自家老婆前陣子去保定府明家,給二房的九姑娘說親,回來后罵了足足兩個時辰,明家大奶奶身邊的婆子,戴著指寬的大金鐲子。
除了明家還有祝家
沒錯,是祝家
祝氏身邊的丫鬟婆子個個穿金戴銀,自家老婆沒少為這事生氣,祝氏太不懂事了,那么好的金鐲子金丁香,不孝敬給嬸子們,卻拿去賞給那些豬狗不如的奴才。
這不是敗家是什么
是了是了,他差點忘記了,祝氏此刻就在莊子里住著。
祝氏在,祝氏身邊的丫鬟婆子們當然也在。
也不知道祝家是怎么想的,給個賠錢貨那么多的嫁妝,就連丫鬟婆子也陪嫁了那么多。
張新德的腦袋陣陣發暈,他用力甩了甩,想讓自己清醒一些。
那個婆子是祝氏的人,她看到他背著張新明出去
張新明被鬼吃掉,明天一定會有人找的,到時這個婆子就會說出實情。
先不說官府會不會管這事,就是二房那一群如狼似虎的東西也會吃了他。
不行,決不行
那個婆子,必須滅口,今天非滅口不可
腦袋越來越暈,張新德四下看看,沒有得手的武器,他踉蹌著沖進廚房,廚房的案板上空空如也,刀呢
他從廚房里出來,卻一眼瞥見門邊放著一柄斧子,旁邊還有碼得整整齊齊的柴禾。
這是劈柴用的斧頭。
張新德大喜,拎起那把斧頭,便沖進了后院。
后院里住著的是祝氏和她的丫鬟婆子。
說起后院,張新德就生氣。
上次他帶著相好過來,本來想要住進后院的,后院是為祝氏準備的,家什物件都是祝氏的嫁妝,一水的黃花梨,一水的杭綢蘇繡,他帶著相好住一晚怎么了
偏偏祝氏的那幾個陪房說什么也不答應,堵在門口不讓他進去,他踹了幾腳,有個老頭子明明都直不起腰了,卻還死抗著不肯走,還說什么拼上這條老命,也不讓他進去。
他也不想搞出人命,無奈之下,只好罵罵咧咧去了客房。
是,就是這些老混蛋們,狗眼看人低
那個婆子也是這種東西,不把他們張家的人放在眼里。
祝氏嫁進張家,就是張家的人,祝氏的嫁妝,當然也是張家的,他憑什么就不能住,就不能用
張新德越想越氣,通往后院的門虛掩著,他沒用力就推開了,真是老天爺都要幫他
張新德提著斧頭一路沖進去,卻連一個丫鬟婆子也沒有看到,他看到有間屋子里還亮著燈,想都沒想,便把門踢開。

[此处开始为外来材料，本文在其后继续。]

lemma least_positive_value_dvd:
  assumes \<psi>: "additive_on (carrier G) \<psi>" and t: "t \<in> carrier G" and d: "\<psi> t = d" "d > 0"
    and least: "\<And>y. y \<in> carrier G \<Longrightarrow> \<psi> y > 0 \<Longrightarrow> d \<le> \<psi> y" and x: "x \<in> carrier G"
  shows "d dvd \<psi> x"
proof -
  define y where "y = x \<otimes> t [^] (- (\<psi> x div d))"
  have y: "y \<in> carrier G" unfolding y_def using x t by simp
  have "\<psi> y = \<psi> x + - (\<psi> x div d) * d"
    using \<psi> x t d additive_on_int_pow[OF subgroup_self \<psi> t] unfolding additive_on_def y_def by simp
  also have "\<dots> = \<psi> x mod d" by (simp add: minus_div_mult_eq_mod[symmetric])
  finally have "\<psi> y = \<psi> x mod d" .
  moreover have "\<psi> x mod d < d" "\<psi> x mod d \<ge> 0" using d(2) by simp_all
  ultimately have "\<psi> x mod d = 0" using least[OF y] by linarith
  then show ?thesis by (simp add: dvd_eq_mod_eq_0)
qed

lemma additive_on_normalize:
  assumes \<psi>: "additive_on (carrier G) \<psi>" and N0: "\<forall>n\<in>N. \<psi> n = 0"
    and x0: "x0 \<in> carrier G" "\<psi> x0 \<noteq> 0"
  shows "\<exists>\<psi>' t. additive_on (carrier G) \<psi>' \<and> (\<forall>n\<in>N. \<psi>' n = 0) \<and> t \<in> carrier G \<and> \<psi>' t = 1"
proof -
  let ?P = "\<lambda>n::nat. n > 0 \<and> (\<exists>x\<in>carrier G. \<psi> x = int n)"
  have "\<psi> (inv x0) = - \<psi> x0" using additive_on_inv[OF subgroup_self \<psi> x0(1)] .
  then have "?P (nat \<bar>\<psi> x0\<bar>)" using x0 by (cases "\<psi> x0 > 0") (auto intro: bexI[of _ "inv x0"])
  then have "?P (LEAST n. ?P n)" by (rule LeastI)
  then obtain t d where t: "t \<in> carrier G" "\<psi> t = int d" "d > 0" and d: "d = (LEAST n. ?P n)" by blast
  have least: "int d \<le> \<psi> y" if "y \<in> carrier G" "\<psi> y > 0" for y
  proof -
    have "?P (nat (\<psi> y))" using that by auto
    then have "d \<le> nat (\<psi> y)" unfolding d by (rule Least_le)
    then show ?thesis using that(2) by simp
  qed
  define \<psi>' where "\<psi>' x = \<psi> x div int d" for x
  have "additive_on (carrier G) \<psi>'"
    using \<psi> least_positive_value_dvd[OF \<psi> t(1,2) _ least] t(3)
    unfolding additive_on_def \<psi>'_def by (simp add: div_plus_div_distrib_dvd_left)
  moreover have "\<forall>n\<in>N. \<psi>' n = 0" "\<psi>' t = 1" using N0 t unfolding \<psi>'_def by auto
  ultimately show ?thesis using t(1) by blast
qed

lemma subgroup_set_mult_derived:
  assumes W: "subgroup W G"
  shows "subgroup (W <#> derived G (carrier G)) G"
    and "derived G (carrier G) \<subseteq> W <#> derived G (carrier G)"
    and "W \<subseteq> W <#> derived G (carrier G)"
proof -
  let ?D = "derived G (carrier G)"
  have D: "?D \<lhd> G" by (rule derived_self_is_normal)
  show "subgroup (W <#> ?D) G" using commut_normal[OF W D] mult_norm_subgroup[OF D W] by simp
  have "d = \<one> \<otimes> d" if "d \<in> ?D" for d using that derived_incl[OF subset_refl subgroup_self] by auto
  then show "?D \<subseteq> W <#> ?D" unfolding set_mult_def using subgroup.one_closed[OF W] by blast
  have "w = w \<otimes> \<one>" if "w \<in> W" for w using that subgroup.subset[OF W] by auto
  then show "W \<subseteq> W <#> ?D"
    unfolding set_mult_def using subgroup.one_closed[OF normal_imp_subgroup[OF D]] by blast
qed

lemma exists_int_hom_onto:
  assumes S: "finite S" "S \<subseteq> carrier G" "generate G S = carrier G"
    and N: "subgroup N G" and D: "derived G (carrier G) \<subseteq> N" and infinite: "infinite (rcosets N)"
  shows "\<exists>\<psi> t. additive_on (carrier G) \<psi> \<and> (\<forall>n\<in>N. \<psi> n = 0) \<and> t \<in> carrier G \<and> \<psi> t = 1"
proof -
  have "generate G (S \<union> N) = carrier G"
    using S subgroup.subset[OF N] generate_incl[of "S \<union> N"] mono_generate[of S "S \<union> N"] by auto
  then have "has_nonzero_int_hom N (carrier G)"
    using finitely_many_cosets_or_has_nonzero_int_hom[OF N D S(1,2)] infinite
      finite_rcosets_if_finitely_many_cosets[OF N] by auto
  then show ?thesis using additive_on_normalize unfolding has_nonzero_int_hom_def by blast
qed

end

lemma finitely_generated_group_int_hom:
  assumes F: "finitely_generated_group F" and W: "subgroup W F"
    and infinite: "infinite (rcosets\<^bsub>F\<^esub> (W <#>\<^bsub>F\<^esub> derived F (carrier F)))"
  shows "\<exists>\<psi> t. group.additive_on F (carrier F) \<psi> \<and> (\<forall>w\<in>W. \<psi> w = 0) \<and> t \<in> carrier F \<and> \<psi> t = 1"
proof -
  obtain S where "group F" and S: "finite S" "S \<subseteq> carrier F" "generate F S = carrier F"
    using F unfolding finitely_generated_group_def by blast
  interpret F: group F by fact
  note N = F.subgroup_set_mult_derived[OF W]
  show ?thesis using F.exists_int_hom_onto[OF S N(1,2) infinite] N(3) by blast
qed

section \<open>Homomorphisms out of a split extension by \<open>\<int>\<close>\<close>

locale int_split = group G + F: group F
  for G (structure) and F :: "('f, 'd) monoid_scheme" +
  fixes \<psi> :: "'f \<Rightarrow> int" and t :: 'f
  assumes additive: "F.additive_on (carrier F) \<psi>"
    and t_closed [simp]: "t \<in> carrier F" and psi_t: "\<psi> t = 1"
begin

definition K :: "'f set" where
  "K = {x \<in> carrier F. \<psi> x = 0}"

abbreviation tpow :: "int \<Rightarrow> 'f" where
  "tpow j \<equiv> t [^]\<^bsub>F\<^esub> j"

lemma psi_mult: "x \<in> carrier F \<Longrightarrow> y \<in> carrier F \<Longrightarrow> \<psi> (x \<otimes>\<^bsub>F\<^esub> y) = \<psi> x + \<psi> y"
  using additive unfolding F.additive_on_def by blast

lemma psi_tpow [simp]: "\<psi> (tpow j) = j"
  using F.additive_on_int_pow[OF F.subgroup_self additive t_closed] psi_t by simp

lemma psi_inv: "x \<in> carrier F \<Longrightarrow> \<psi> (inv\<^bsub>F\<^esub> x) = - \<psi> x"
  using F.additive_on_inv[OF F.subgroup_self additive] .

lemma K_subset: "K \<subseteq> carrier F"
  unfolding K_def by auto

lemma mult_tpow_in_K: "f \<in> carrier F \<Longrightarrow> f \<otimes>\<^bsub>F\<^esub> tpow (- \<psi> f) \<in> K"
  unfolding K_def by (simp add: psi_mult)

lemma decompose: "f \<in> carrier F \<Longrightarrow> f = (f \<otimes>\<^bsub>F\<^esub> tpow (- \<psi> f)) \<otimes>\<^bsub>F\<^esub> tpow (\<psi> f)"
  by (simp add: F.m_assoc F.int_pow_mult[symmetric])

lemma conjugate_in_K: "k \<in> K \<Longrightarrow> x \<in> carrier F \<Longrightarrow> F.conjugate x k \<in> K"
  unfolding K_def F.conjugate_def by (simp add: psi_mult psi_inv)

lemma hom_imp_group_hom: "\<phi> \<in> hom F G \<Longrightarrow> group_hom F G \<phi>"
  by (simp add: group_hom_def group_hom_axioms_def F.is_group is_group)

lemma hom_eqI:
  assumes "\<phi>1 \<in> hom F G" "\<phi>2 \<in> hom F G" "\<forall>k\<in>K. \<phi>1 k = \<phi>2 k" "\<phi>1 t = \<phi>2 t" "f \<in> carrier F"
  shows "\<phi>1 f = \<phi>2 f"
proof -
  have "\<phi> f = \<phi> (f \<otimes>\<^bsub>F\<^esub> tpow (- \<psi> f)) \<otimes> \<phi> t [^] \<psi> f" if "\<phi> \<in> hom F G" for \<phi>
    using decompose[OF assms(5)] group_hom.hom_mult[OF hom_imp_group_hom[OF that]]
      group_hom.hom_int_pow[OF hom_imp_group_hom[OF that]] assms(5) by (metis F.int_pow_closed F.m_closed t_closed)
  then show ?thesis using assms mult_tpow_in_K[OF assms(5)] by metis
qed

text \<open>The possible values at \<open>t\<close> of a homomorphism that agrees with \<open>\<phi>0\<close> on \<open>K\<close>.\<close>

definition admissible_images :: "('f \<Rightarrow> 'a) \<Rightarrow> 'a set" where
  "admissible_images \<phi>0 = {x \<in> carrier G. \<forall>k\<in>K. conjugate x (\<phi>0 k) = \<phi>0 (F.conjugate t k)}"

lemma conjugate_int_pow_admissible:
  assumes \<phi>0: "\<phi>0 \<in> hom F G" and x: "x \<in> admissible_images \<phi>0"
  shows "\<forall>k\<in>K. conjugate (x [^] j) (\<phi>0 k) = \<phi>0 (F.conjugate (tpow j) k)"
proof (induction j rule: int_induct[where k = 0])
  have xc: "x \<in> carrier G" and step: "\<And>k. k \<in> K \<Longrightarrow> conjugate x (\<phi>0 k) = \<phi>0 (F.conjugate t k)"
    using x unfolding admissible_images_def by auto
  have \<phi>K: "\<phi>0 k \<in> carrier G" if "k \<in> K" for k using hom_in_carrier[OF \<phi>0] K_subset that by blast
  have kc: "k \<in> carrier F" if "k \<in> K" for k using K_subset that by blast
  {
    case base
    show ?case using \<phi>K kc by simp
  next
    case (step1 i)
    show ?case
    proof
      fix k assume k: "k \<in> K"
      have "conjugate (x [^] (i + 1)) (\<phi>0 k) = conjugate (x [^] i) (\<phi>0 (F.conjugate t k))"
        using xc \<phi>K[OF k] step[OF k] by (simp add: int_pow_mult conjugate_mult)
      also have "\<dots> = \<phi>0 (F.conjugate (tpow (i + 1)) k)"
        using step1 conjugate_in_K[OF k] kc[OF k] by (simp add: F.int_pow_mult F.conjugate_mult)
      finally show "conjugate (x [^] (i + 1)) (\<phi>0 k) = \<phi>0 (F.conjugate (tpow (i + 1)) k)" .
    qed
  next
    case (step2 i)
    show ?case
    proof
      fix k assume k: "k \<in> K"
      let ?k' = "F.conjugate (inv\<^bsub>F\<^esub> t) k"
      have k': "?k' \<in> K" using conjugate_in_K[OF k] by simp
      have "conjugate x (\<phi>0 ?k') = \<phi>0 k" using step[OF k'] kc[OF k] by simp
      then have inv_step: "conjugate (inv x) (\<phi>0 k) = \<phi>0 ?k'"
        using xc \<phi>K[OF k'] by (metis conjugate_inv_cancel(1))
      have "x [^] (i - 1) = x [^] i \<otimes> inv x" "tpow (i - 1) = tpow i \<otimes>\<^bsub>F\<^esub> inv\<^bsub>F\<^esub> t"
        using int_pow_mult[OF xc, of i "-1"] F.int_pow_mult[OF t_closed, of i "-1"]
          int_pow_neg[OF xc, of 1] F.int_pow_neg[OF t_closed, of 1] xc by auto
      then show "conjugate (x [^] (i - 1)) (\<phi>0 k) = \<phi>0 (F.conjugate (tpow (i - 1)) k)"
        using step2 inv_step k' xc \<phi>K[OF k] kc[OF k] by (simp add: conjugate_mult F.conjugate_mult)
    qed
  }
qed
text \<open>The homomorphism \<open>k t\<^sup>j \<mapsto> \<phi>0 k \<otimes> x [^] j\<close> of \<open>F = K \<rtimes> \<langle>t\<rangle>\<close>.\<close>

definition extend :: "('f \<Rightarrow> 'a) \<Rightarrow> 'a \<Rightarrow> 'f \<Rightarrow> 'a" where
  "extend \<phi>0 x = (\<lambda>f\<in>carrier F. \<phi>0 (f \<otimes>\<^bsub>F\<^esub> tpow (- \<psi> f)) \<otimes> x [^] \<psi> f)"

lemma mult_tpow_neg_add:
  assumes "f \<in> carrier F" "g \<in> carrier F"
  shows "(f \<otimes>\<^bsub>F\<^esub> g) \<otimes>\<^bsub>F\<^esub> tpow (- (a + b)) =
    (f \<otimes>\<^bsub>F\<^esub> tpow (- a)) \<otimes>\<^bsub>F\<^esub> F.conjugate (tpow a) (g \<otimes>\<^bsub>F\<^esub> tpow (- b))"
proof -
  have "tpow (- (a + b)) = inv\<^bsub>F\<^esub> (tpow b) \<otimes>\<^bsub>F\<^esub> inv\<^bsub>F\<^esub> (tpow a)"
    using F.int_pow_neg[OF t_closed, of "a + b"] F.int_pow_mult[OF t_closed, of a b] F.inv_mult_group by simp
  then show ?thesis unfolding F.conjugate_def using assms
    by (simp add: F.int_pow_neg F.m_assoc F.inv_mult_group)
qed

屋里坐著兩個人,一個是個生面孔的小姑娘,另一個乍看有些眼熟,仔細一看,正是在飯廳外面遇到的那個婆子。
屋里點著燈,這一次張新德看清楚了,這個婆子不但戴著金丁香,手腕上也戴著大金鐲子。
是了,這就是祝氏身邊的婆子,仗著祝家有錢,就讓下人穿金戴銀,真是該死
張新德掄起斧頭,朝著那婆子劈頭蓋臉砍了下去。
忽然,一只腿朝他踢了過來,張新德還沒有反應過來,身體便從門里飛了出去,重重地落在門外的石階上,疼得他齜牙咧嘴。